We will consider applicants who hold, or are close to completion of, a PhD/DPhil involving statistical methods development, and who have experience of large-scale statistical data analysis, evidence of originating and executing independent academic research ideas, excellent interpersonal skills and the ability to work closely with others in a team.

The position is advertised to 31 December 2021. The application deadline is noon on Thursday 1st October 2020. Visit the University recruitment page to apply.

The group's research response to COVID-19

This is an update on the group's research response to the COVID-19 pandemic. As an infectious disease group we have been keen to contribute to the international research effort where we could be useful, while recognising the need to continue our research on other important infections where possible.

• Bugbank. Thanks to a pre-existing collaboration between our group, Public Health England and UK Biobank, we were in a position to help rapidly facilitate COVID-19 research via SARS-CoV-2 PCR-based swab test results. Beginning mid-March, we worked to provide regular (usually weekly) updates of tests results, which were made available to all UK Biobank researchers beginning April 17th. This is one of several resources on COVID-19 linked to UK Biobank. Beginning in May we provided feeds to other cohorts: INTERVAL, COMPARE, Genes & Health and the NIHR BioResource. We provide updates on this work through the project website www.bugbank.uk. We have published a paper describing the dynamic data linkage in Microbial Genomics (press release). Key collaborators in this project are Jacob Armstrong (Big Data Institute) Naomi Allen (UK Biobank) and David Wyllie and Anne Marie O'Connell (Public Health England).

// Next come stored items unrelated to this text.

lemma local_ring_twist_coefficient_unit:
  assumes local: "local_ring TYPE('a::{comm_ring_1,finite})" and three: "(3::'a) \<in> ring_units"
    and a: "(a::'a) \<in> ring_units" and u: "u \<in> ring_units" and v: "v \<in> ring_units" and w: "w \<in> ring_units"
  shows "u - a * ring_inv u \<in> ring_units \<or> v - a * ring_inv v \<in> ring_units \<or>
    w - a * ring_inv w \<in> ring_units \<or> a * (ring_inv u + ring_inv v + ring_inv w) \<in> ring_units"
proof (rule ccontr)
  assume "\<not> ?thesis"
  then have cu: "u - a * ring_inv u \<notin> ring_units" and cv: "v - a * ring_inv v \<notin> ring_units"
    and cw: "w - a * ring_inv w \<notin> ring_units" and ca: "a * (ring_inv u + ring_inv v + ring_inv w) \<notin> ring_units"
    by auto
  have square_near_a: "z * z - a \<notin> ring_units" if "z \<in> ring_units" "z - a * ring_inv z \<notin> ring_units" for z
  proof -
    have "z * (z - a * ring_inv z) = z * z - a"
      using ring_inv_right[OF that(1)] by (simp add: algebra_simps)
    then show ?thesis using mult_not_ring_units[OF that(2)] by metis
  qed
  have "u * u - z * z \<notin> ring_units" if "z \<in> ring_units" "z - a * ring_inv z \<notin> ring_units" for z
    using local_ring_nonunits_diff[OF local square_near_a[OF u cu] square_near_a[OF that]] by simp
  then obtain \<epsilon>1 \<epsilon>2 where \<epsilon>1: "\<epsilon>1 = 1 \<or> \<epsilon>1 = -1" "u * ring_inv v - \<epsilon>1 \<notin> ring_units"
    and \<epsilon>2: "\<epsilon>2 = 1 \<or> \<epsilon>2 = -1" "u * ring_inv w - \<epsilon>2 \<notin> ring_units"
    using local_ring_ratio_near_sign[OF local u v] local_ring_ratio_near_sign[OF local u w] v w cv cw
    by metis
  have "(u * ring_inv a) * (a * (ring_inv u + ring_inv v + ring_inv w))
      = (a * ring_inv a) * (u * ring_inv u + u * ring_inv v + u * ring_inv w)"
    by (simp add: algebra_simps)
  then have "1 + u * ring_inv v + u * ring_inv w \<notin> ring_units"
    using mult_not_ring_units[OF ca, of "u * ring_inv a"] ring_inv_right[OF a] ring_inv_right[OF u] by simp
  then have "(1 + u * ring_inv v + u * ring_inv w) - (u * ring_inv v - \<epsilon>1) - (u * ring_inv w - \<epsilon>2) \<notin> ring_units"
    using local_ring_nonunits_diff[OF local local_ring_nonunits_diff[OF local _ \<epsilon>1(2)] \<epsilon>2(2)] by blast
  then have "1 + \<epsilon>1 + \<epsilon>2 \<notin> ring_units" by (simp add: algebra_simps)
  moreover have "1 + \<epsilon>1 + \<epsilon>2 \<in> ring_units"
    using \<epsilon>1(1) \<epsilon>2(1) three one_in_ring_units neg_one_in_ring_units by (auto simp: numeral_3_eq_3)
  ultimately show False by contradiction
qed

section \<open>The conductor of a multiplicative character\<close>

lemma mult_character_mult:
  "mult_character \<tau> \<Longrightarrow> u \<in> ring_units \<Longrightarrow> v \<in> ring_units \<Longrightarrow> \<tau> (u * v) = \<tau> u * \<tau> v"
  by (simp add: mult_character_def)

lemma mult_character_one: "mult_character \<tau> \<Longrightarrow> \<tau> (1::'a::comm_ring_1) = 1"
  using mult_character_mult[OF _ one_in_ring_units one_in_ring_units, of \<tau>] one_in_ring_units[where 'a='a]
  by (simp add: mult_character_def)

definition char_trivial_ideal :: "('a::comm_ring_1 \<Rightarrow> complex) \<Rightarrow> 'a set" where
  "char_trivial_ideal \<tau> = {y. y \<notin> ring_units \<and> (\<forall>r. \<tau> (1 + r * y) = 1)}"

lemma is_ideal_char_trivial_ideal:
  fixes \<tau> :: "'a::{comm_ring_1,finite} \<Rightarrow> complex"
  assumes local: "local_ring TYPE('a)" and \<tau>: "mult_character \<tau>" and zero: "(0::'a) \<notin> ring_units"
  shows "is_ideal (char_trivial_ideal \<tau>)"
  unfolding is_ideal_def
proof (intro conjI ballI allI)
  show "0 \<in> char_trivial_ideal \<tau>"
    using zero mult_character_one[OF \<tau>] by (simp add: char_trivial_ideal_def)
  show "r * y \<in> char_trivial_ideal \<tau>" if "y \<in> char_trivial_ideal \<tau>" for r y
    using that mult_not_ring_units[of y r] by (simp add: char_trivial_ideal_def mult.assoc[symmetric])
  show "y + z \<in> char_trivial_ideal \<tau>" if y: "y \<in> char_trivial_ideal \<tau>" and z: "z \<in> char_trivial_ideal \<tau>" for y z
  proof -
    have yn: "y \<notin> ring_units" and zn: "z \<notin> ring_units" using y z by (simp_all add: char_trivial_ideal_def)
    have "\<tau> (1 + r * (y + z)) = 1" for r
    proof -
      define e where "e = 1 + r * y"
      have e: "e \<in> ring_units" unfolding e_def by (rule local_ring_one_plus_in_units[OF local mult_not_ring_units[OF yn]])
      define f where "f = 1 + (ring_inv e * r) * z"
      have f: "f \<in> ring_units" unfolding f_def by (rule local_ring_one_plus_in_units[OF local mult_not_ring_units[OF zn]])
      have "e * f = e + (e * ring_inv e) * r * z" unfolding f_def by (simp add: algebra_simps)
      also have "\<dots> = 1 + r * (y + z)" using ring_inv_right[OF e] unfolding e_def by (simp add: algebra_simps)
      finally show ?thesis
        using mult_character_mult[OF \<tau> e f] y z by (simp add: char_trivial_ideal_def e_def f_def)
    qed
    with local_ring_nonunits_add[OF local yn zn] show ?thesis by (simp add: char_trivial_ideal_def)
  qed
qed

lemma conductor_eq_char_trivial_ideal:
  fixes \<tau> :: "'a::{comm_ring_1,finite} \<Rightarrow> complex"
  assumes local: "local_ring TYPE('a)" and \<tau>: "mult_character \<tau>" and zero: "(0::'a) \<notin> ring_units"
    and nontrivial: "\<not> (\<forall>u\<in>ring_units. \<tau> u = 1)"
  shows "conductor \<tau> = char_trivial_ideal \<tau>"
proof -
  let ?P = "\<lambda>I::'a set. is_ideal I \<and> I \<subseteq> max_ideal \<and> (\<forall>x\<in>I. \<tau> (1 + x) = 1)"
  have P: "?P (char_trivial_ideal \<tau>)"
    using is_ideal_char_trivial_ideal[OF local \<tau> zero] mult_character_one[OF \<tau>]
    by (auto simp: char_trivial_ideal_def local_ring_max_ideal_eq[OF local] dest: spec[of _ 1])
  have largest: "J \<subseteq> char_trivial_ideal \<tau>" if "?P J" for J
  proof
    fix x assume "x \<in> J"
    with that have "r * x \<in> J" for r unfolding is_ideal_def by blast
    with that \<open>x \<in> J\<close> show "x \<in> char_trivial_ideal \<tau>"
      by (auto simp: char_trivial_ideal_def local_ring_max_ideal_eq[OF local])
  qed
  have "conductor \<tau> = (THE I. ?P I \<and> (\<forall>J. ?P J \<longrightarrow> J \<subseteq> I))"
    unfolding conductor_def if_not_P[OF nontrivial] by (simp only: conj_assoc)
  also have "\<dots> = char_trivial_ideal \<tau>"
  proof (rule the_equality)
    show "?P (char_trivial_ideal \<tau>) \<and> (\<forall>J. ?P J \<longrightarrow> J \<subseteq> char_trivial_ideal \<tau>)"
      using P largest by blast
    show "I = char_trivial_ideal \<tau>" if "?P I \<and> (\<forall>J. ?P J \<longrightarrow> J \<subseteq> I)" for I
      using that P largest by (intro subset_antisym) simp_all
  qed
  finally show ?thesis .
qed

lemma char_trivial_ideal_nonzero:
  fixes \<tau> :: "'a::{comm_ring_1,finite} \<Rightarrow> complex"
  assumes local: "local_ring TYPE('a)" and not_field: "\<not> is_field_ring TYPE('a)"
    and \<tau>: "mult_character \<tau>" and not_primitive: "\<not> primitive_mult_character \<tau>"
  shows "is_ideal (char_trivial_ideal \<tau>)" "char_trivial_ideal \<tau> \<noteq> {0}"
proof -
  obtain x :: 'a where x: "x \<noteq> 0" "x \<notin> ring_units"
    using not_field unfolding is_field_ring_def by blast
  have zero: "(0::'a) \<notin> ring_units"
    using x ring_units_mult_cancel[of 0 x] by auto
  show "is_ideal (char_trivial_ideal \<tau>)" by (rule is_ideal_char_trivial_ideal[OF local \<tau> zero])
  show "char_trivial_ideal \<tau> \<noteq> {0}"
  proof (cases "\<forall>u\<in>ring_units. \<tau> u = 1")
    case True
    then have "x \<in> char_trivial_ideal \<tau>"
      using x local_ring_one_plus_in_units[OF local mult_not_ring_units[OF x(2)]]
      by (simp add: char_trivial_ideal_def)
    with x show ?thesis by blast
  next
    case False
    then show ?thesis
      using conductor_eq_char_trivial_ideal[OF local \<tau> zero] \<tau> not_primitive
      by (simp add: primitive_mult_character_def)
  qed
qed

text \<open>A nonzero element generating a minimal principal ideal is killed by the maximal ideal.\<close>
lemma local_ring_ideal_socle_element:
  assumes local: "local_ring TYPE('a::{comm_ring_1,finite})"
    and I: "is_ideal (I::'a set)" "I \<noteq> {0}"
  obtains s where "s \<in> I" "s \<noteq> 0" "\<And>n. n \<notin> ring_units \<Longrightarrow> n * s = 0"
proof -
  let ?size = "\<lambda>y::'a. card (range (\<lambda>r. r * y))"
  obtain x where "x \<in> I" "x \<noteq> 0" using I unfolding is_ideal_def by blast
  then obtain s where s: "s \<in> I" "s \<noteq> 0" and smallest: "\<And>y. y \<in> I \<Longrightarrow> y \<noteq> 0 \<Longrightarrow> ?size s \<le> ?size y"
    using ex_has_least_nat[of "\<lambda>y. y \<in> I \<and> y \<noteq> 0" x ?size] by blast
  have "n * s = 0" if n: "n \<notin> ring_units" for n
  proof (rule ccontr)
    assume ns: "n * s \<noteq> 0"
    have sub: "range (\<lambda>r. r * (n * s)) \<subseteq> range (\<lambda>r. r * s)"
      by (auto simp: mult.assoc[symmetric])
    moreover have "?size s \<le> ?size (n * s)"
      using smallest ns s(1) I(1) unfolding is_ideal_def by blast
    moreover have "?size (n * s) \<le> ?size s" using sub by (simp add: card_mono)
    ultimately have "range (\<lambda>r. r * (n * s)) = range (\<lambda>r. r * s)"
      by (intro card_subset_eq) simp_all
    moreover have "s \<in> range (\<lambda>r. r * s)" by (metis mult_1 rangeI)
    ultimately obtain r where "s = r * (n * s)" by blast
    then have "(1 + - (r * n)) * s = 0" by (simp add: algebra_simps)
    moreover have "1 + - (r * n) \<in> ring_units"
      using local_ring_one_plus_in_units[OF local mult_not_ring_units[OF mult_not_ring_units[OF n], of "-1"]]
      by simp
    ultimately show False using ring_units_mult_cancel s(2) by blast
  qed
  with s that show ?thesis by blast
qed

lemma additive_character_add: "additive_character \<psi> \<Longrightarrow> \<psi> (x + y) = \<psi> x * \<psi> y"
  by (simp add: additive_character_def)

lemma sum_additive_character_multiples:
  fixes \<psi> :: "'a::{comm_ring_1,finite} \<Rightarrow> complex"
  assumes \<psi>: "additive_character \<psi>" and nontrivial: "\<psi> (s * r0) \<noteq> 1"
  shows "(\<Sum>r\<in>UNIV. \<psi> (s * r)) = 0"
proof -
  let ?S = "\<Sum>r\<in>UNIV. \<psi> (s * r)"
  have "?S = (\<Sum>r\<in>UNIV. \<psi> (s * (r + r0)))"
    by (rule sum.reindex_bij_witness[where i="\<lambda>r. r + r0" and j="\<lambda>r. r - r0"]) simp_all
  also have "\<dots> = ?S * \<psi> (s * r0)"
    by (simp add: distrib_left additive_character_add[OF \<psi>] sum_distrib_right)
  finally have "?S * (1 - \<psi> (s * r0)) = 0" by (simp add: algebra_simps)
  with nontrivial show ?thesis by simp
qed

• COVID-19 Host Genetics Initiative. Along with groups at McGill and the Broad Institute, I have contributed analyses of UK Biobank to investigate genetic risk factors for COVID-19. The Host Genetics Initiative is drawing on more than 200 cohorts from around the world to conduct meta-analysis to tackle questions such as why some people suffer severe COVID-19 while others get mild or asymptomatic infection (media coverage). The meta-analysis results are publicly released periodically. This led to the independent replication of a genetic risk factor on chromosome 3 discovered by a Spanish-Italian cohort and published in the New England Journal of Medicine.

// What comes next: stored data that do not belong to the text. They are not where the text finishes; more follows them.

lemma trig_poly_add:
  assumes "finite F" "finite G"
  shows "trig_poly F a s + trig_poly G b s
       = trig_poly (F \<union> G) (\<lambda>k. (if k \<in> F then a k else 0) + (if k \<in> G then b k else 0)) s"
  using assms trig_poly_extend[of F "F \<union> G" a] trig_poly_extend[of G "F \<union> G" b]
  by (simp add: trig_poly_def sum.distrib distrib_right)

lemma trig_poly_cmult: "c * trig_poly F a s = trig_poly F (\<lambda>k. c * a k) s"
  unfolding trig_poly_def by (simp add: sum_distrib_left ac_simps)

lemma power_int_add_unit_circle: "s \<in> unit_circle \<Longrightarrow> s powi j * s powi k = s powi (j + k)"
  by (subst power_int_add) auto

lemma integrable_power_int_circle: "integrable circle_measure (\<lambda>s. c * (s powi j * s powi k))"
  by (intro circle.integrable_const_bound[where B="cmod c"] AE_I2) (simp_all add: norm_mult)

lemma integrable_L2_circle_mult_power_int:
  "L2_circle u \<Longrightarrow> integrable circle_measure (\<lambda>s. u s * s powi k)"
  by (rule integrable_L2_circle_mult_bounded[where B=1]) simp_all

lemma integral_power_int_orthogonal:
  "(\<integral>s. s powi j * s powi (-k) \<partial>circle_measure) = (if j = k then 2 * pi else 0)"
proof -
  have "(\<integral>s. s powi j * s powi (-k) \<partial>circle_measure) = (\<integral>s. s powi (j - k) \<partial>circle_measure)"
    by (intro Bochner_Integration.integral_cong refl) (simp add: power_int_add_unit_circle)
  then show ?thesis by (simp add: integral_circle_measure_power_int)
qed

lemma fourier_remainder_orthogonal:
  assumes u: "L2_circle u" and k: "k \<in> {-int n..int n}"
  shows "(\<integral>s. (u s - fourier_sum n u s) * s powi (-k) \<partial>circle_measure) = 0"
proof -
  let ?K = "{-int n..int n}"
  have "(\<integral>s. fourier_sum n u s * s powi (-k) \<partial>circle_measure)
      = (\<integral>s. (\<Sum>j\<in>?K. fourier_coeff u j * (s powi j * s powi (-k))) \<partial>circle_measure)"
    unfolding fourier_sum_def trig_poly_def sum_distrib_right by (simp add: ac_simps)
  also have "\<dots> = (\<Sum>j\<in>?K. fourier_coeff u j * (\<integral>s. s powi j * s powi (-k) \<partial>circle_measure))"
    by (subst Bochner_Integration.integral_sum) (auto simp: integrable_power_int_circle)
  also have "\<dots> = fourier_coeff u k * (2 * pi)"
    using k by (simp add: integral_power_int_orthogonal if_distrib cong: if_cong)
  also have "\<dots> = (\<integral>s. u s * s powi (-k) \<partial>circle_measure)"
    unfolding fourier_coeff_def by simp
  finally show ?thesis
    using integrable_L2_circle_mult_power_int[OF u] integrable_L2_circle_mult_power_int[OF L2_circle_fourier_sum]
    by (simp add: left_diff_distrib)
qed

lemma cnj_unit_circle: "s \<in> unit_circle \<Longrightarrow> cnj s = inverse s"
  using complex_norm_square[of s] by (intro inverse_unique[symmetric]) simp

• Epidemiological risk factors for COVID-19. Graduate student Nicolas Arning and I are developing an approach to quantify the effects of lifestyle and medical risk factors for COVID-19 in the UK Biobank that accounts for inherent uncertainty in which risk factors to consider. The new method employs the harmonic mean p-value, a model-averaging approach for big data that we published previously. We are in the process of evaluating the performance of the approach, comparing it to machine learning, and interpreting the results.

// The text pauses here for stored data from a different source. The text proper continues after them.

text \<open>Two averages at distance at most 1/2 are both controlled on the common disc \<open>B(z, 1/2)\<close>.\<close>

lemma norm_avg_diff_le_half:
  assumes "cmod (z - z') \<le> 1 / 2"
  shows "cmod (avg z - avg z') \<le> 8 * C / pi"
proof -
  let ?B = "ball z (1 / 2)"
  have "?B \<subseteq> ball z' 1"
  proof
    fix w assume "w \<in> ?B"
    then show "w \<in> ball z' 1"
      using assms dist_triangle[of z' w z] by (simp add: dist_norm norm_minus_commute)
  qed
  then have sub: "?B \<subseteq> ball z 1" "?B \<subseteq> ball z' 1"
    by auto
  have const_integrable: "set_integrable lborel ?B (\<lambda>_. cmod (avg z - avg z'))"
    unfolding set_integrable_def by (intro integrable_indicator) (auto simp: emeasure_ball_complex)
  have "pi / 4 * cmod (avg z - avg z') = (\<integral>w\<in>?B. cmod (avg z - avg z') \<partial>lborel)"
    by (subst set_integral_const) (auto simp: emeasure_ball_complex measure_ball_complex power2_eq_square)
  also have "\<dots> \<le> (\<integral>w\<in>?B. cmod (\<phi> w - avg z) + cmod (\<phi> w - avg z') \<partial>lborel)"
  proof (intro set_integral_mono set_integral_add const_integrable set_integrable_ball_dist)
    show "cmod (avg z - avg z') \<le> cmod (\<phi> w - avg z) + cmod (\<phi> w - avg z')" for w
      using norm_triangle_ineq4[of "\<phi> w - avg z'" "\<phi> w - avg z"] by (simp add: norm_minus_commute)
  qed
  also have "\<dots> = (\<integral>w\<in>?B. cmod (\<phi> w - avg z) \<partial>lborel) + (\<integral>w\<in>?B. cmod (\<phi> w - avg z') \<partial>lborel)"
    by (intro set_integral_add set_integrable_ball_dist)
  also have "\<dots> \<le> (\<integral>w\<in>ball z 1. cmod (\<phi> w - avg z) \<partial>lborel) + (\<integral>w\<in>ball z' 1. cmod (\<phi> w - avg z') \<partial>lborel)"
    using sub by (intro add_mono set_integral_mono_set set_integrable_ball_dist) auto
  also have "\<dots> \<le> 2 * C"
    using mean_oscillation_le[of z] mean_oscillation_le[of z'] by simp
  finally show ?thesis
    by (simp add: field_simps)
qed

lemma norm_avg_diff_le_chain:
  "cmod (z - w) \<le> real n / 2 \<Longrightarrow> cmod (avg z - avg w) \<le> 8 * C / pi * real n"
proof (induction n arbitrary: z)
  case 0
  then show ?case by simp
next
  case (Suc n)
  show ?case
  proof (cases "cmod (z - w) \<le> 1 / 2")
    case True
    then have "cmod (avg z - avg w) \<le> 8 * C / pi"
      by (rule norm_avg_diff_le_half)
    also have "\<dots> \<le> 8 * C / pi * real (Suc n)"
      using C_nonneg mult_left_mono[of 1 "real (Suc n)" "8 * C / pi"] by simp
    finally show ?thesis .
  next
    case False
    define d where "d = cmod (z - w)"
    define m where "m = z + (1 / (2 * d)) *\<^sub>R (w - z)"
    have d: "d > 1 / 2" using False by (simp add: d_def)
    have "cmod (z - m) = 1 / 2"
      using d by (auto simp: m_def d_def norm_minus_commute)
    then have first_step: "cmod (avg z - avg m) \<le> 8 * C / pi"
      by (intro norm_avg_diff_le_half) simp
    have "m - w = (1 - 1 / (2 * d)) *\<^sub>R (z - w)"
      by (simp add: m_def algebra_simps)
    moreover have "1 - 1 / (2 * d) \<ge> 0"
      using d by (simp add: field_simps)
    ultimately have "cmod (m - w) = (1 - 1 / (2 * d)) * d"
      by (simp add: d_def)
    also have "\<dots> = d - 1 / 2"
      using d by (simp add: field_simps)
    finally have "cmod (avg m - avg w) \<le> 8 * C / pi * real n"
      using Suc.prems d_def by (intro Suc.IH) simp
    with first_step have "cmod (avg z - avg w) \<le> 8 * C / pi + 8 * C / pi * real n"
      using norm_diff_triangle_le[of "avg z" "avg m" _ "avg w"] by simp
    then show ?thesis
      by (simp add: distrib_left)
  qed
qed

lemma norm_avg_diff_le: "cmod (avg z - avg w) \<le> 8 * C / pi * (1 + 2 * cmod (z - w))"
proof -
  define n where "n = nat \<lceil>2 * cmod (z - w)\<rceil>"
  have "real n = of_int \<lceil>2 * cmod (z - w)\<rceil>"
    unfolding n_def by simp
  then have n: "2 * cmod (z - w) \<le> real n" "real n \<le> 1 + 2 * cmod (z - w)"
    by linarith+
  have "cmod (avg z - avg w) \<le> 8 * C / pi * real n"
    using n(1) by (intro norm_avg_diff_le_chain) simp
  also have "\<dots> \<le> 8 * C / pi * (1 + 2 * cmod (z - w))"
    using n(2) C_nonneg by (intro mult_left_mono) auto
  finally show ?thesis .
qed

lemma nn_integral_ball_dist_avg_le:
  "(\<integral>\<^sup>+u\<in>ball w 1. ennreal (cmod (\<phi> u - avg z)) \<partial>lborel) \<le> ennreal (16 * C * (1 + cmod (z - w)))"
proof -
  let ?L = "8 * C / pi * (1 + 2 * cmod (z - w))"
  have L: "?L \<ge> 0" "C * (1 + 2 * cmod (z - w)) \<ge> 0"
    using C_nonneg by simp_all
  have "(\<integral>\<^sup>+u\<in>ball w 1. ennreal (cmod (\<phi> u - avg z)) \<partial>lborel)
      \<le> (\<integral>\<^sup>+u\<in>ball w 1. ennreal (cmod (\<phi> u - avg w)) + ennreal ?L \<partial>lborel)"
  proof (intro nn_integral_mono mult_right_mono)
    fix u
    have "cmod (\<phi> u - avg z) \<le> cmod (\<phi> u - avg w) + ?L"
      using norm_triangle_sub[of "\<phi> u - avg z" "avg w - avg z"] norm_avg_diff_le[of w z]
      by (simp add: norm_minus_commute)
    then show "ennreal (cmod (\<phi> u - avg z)) \<le> ennreal (cmod (\<phi> u - avg w)) + ennreal ?L"
      using L by (simp flip: ennreal_plus)
  qed simp
  also have "\<dots> = (\<integral>\<^sup>+u\<in>ball w 1. ennreal (cmod (\<phi> u - avg w)) \<partial>lborel) + ennreal ?L * emeasure lborel (ball w 1)"
    by (simp add: nn_set_integral_add nn_integral_cmult_indicator)
  also have "\<dots> = ennreal (\<integral>u\<in>ball w 1. cmod (\<phi> u - avg w) \<partial>lborel) + ennreal (?L * pi)"
    using L C_nonneg
    by (simp add: set_nn_integral_eq_set_integral set_integrable_ball_dist emeasure_ball_complex
        flip: ennreal_mult)
  also have "\<dots> = ennreal ((\<integral>u\<in>ball w 1. cmod (\<phi> u - avg w) \<partial>lborel) + ?L * pi)"
    using L by (intro ennreal_plus[symmetric] set_integral_nonneg) auto
  also have "\<dots> \<le> ennreal (16 * C * (1 + cmod (z - w)))"
    using mean_oscillation_le[of w] C_nonneg by (intro ennreal_leI) (simp add: algebra_simps)
  finally show ?thesis .
qed

lemma nn_integral_dist_avg_gaussian_le:
  assumes "c > 0"
  shows "(\<integral>\<^sup>+u. ennreal (cmod (\<phi> u - avg z) * exp (- c * (cmod (z - u))\<^sup>2)) \<partial>lborel)
    \<le> ennreal (64 * C * exp (c + 1 / c) / c)"
  using nn_integral_gaussian_le_of_ball_bound[of "\<lambda>u. cmod (\<phi> u - avg z)" c "16 * C" z]
    assms C_nonneg nn_integral_ball_dist_avg_le
  by simp

lemma
  assumes "c > 0"
  shows integrable_dist_avg_gaussian:
      "integrable lborel (\<lambda>w. cmod (\<phi> w - avg z) * exp (- c * (cmod (z - w))\<^sup>2))"
    and integral_dist_avg_gaussian_le:
      "(\<integral>w. cmod (\<phi> w - avg z) * exp (- c * (cmod (z - w))\<^sup>2) \<partial>lborel) \<le> 64 * C * exp (c + 1 / c) / c"
proof -
  note bound = nn_integral_dist_avg_gaussian_le[OF assms, of z]
  show integrable: "integrable lborel (\<lambda>w. cmod (\<phi> w - avg z) * exp (- c * (cmod (z - w))\<^sup>2))"
    using order.strict_trans1[OF bound ennreal_less_top] by (simp add: integrable_iff_bounded abs_mult)
  have "ennreal (\<integral>w. cmod (\<phi> w - avg z) * exp (- c * (cmod (z - w))\<^sup>2) \<partial>lborel)
      \<le> ennreal (64 * C * exp (c + 1 / c) / c)"
    using bound integrable by (subst nn_integral_eq_integral[symmetric]) auto
  then show "(\<integral>w. cmod (\<phi> w - avg z) * exp (- c * (cmod (z - w))\<^sup>2) \<partial>lborel) \<le> 64 * C * exp (c + 1 / c) / c"
    using assms C_nonneg by simp
qed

• Antibody testing for the UK Government. Postdoc Justine Rudkin has been working in the lab with Derrick Crook, Sir John Bell and others to measure the efficacy of antibody tests for the UK Government. They have tested many hundreds of kits to establish the sensitivity and specificity of the tests to help evaluate the utility of a national testing programme. This work was crucial in demonstrating the limitations of early blood-spot based tests, and the credibility of subsequent generations of antibody tests. The work has been published in Wellcome Open Research.

• Office of National Statistics Antibody Survey. Justine has also been working in the lab with Sarah Walker to set up robots for her large antibody testing cohort study. Sarah is leading an infection survey with the Office of National Statistics to investigate exposure to SARS-CoV-2 in England and Wales.

Work on other infections that has continued during the lockdown. Postdoc Sarah Earle continues research into pathogen genetic risk factors for diseases including tuberculosis and meningococcal meningitis, while Steven Lin has continued to pursue work on hepatitis C virus genetics and epidemiology. Many of our close collaborators are infection doctors and they have of course been recalled to clinical duties. Laboratory work in the group has been severely disrupted, particularly several of Justine's Staphylococcus aureus projects. We are keen to pick up on those projects where we left off when the chance arrives.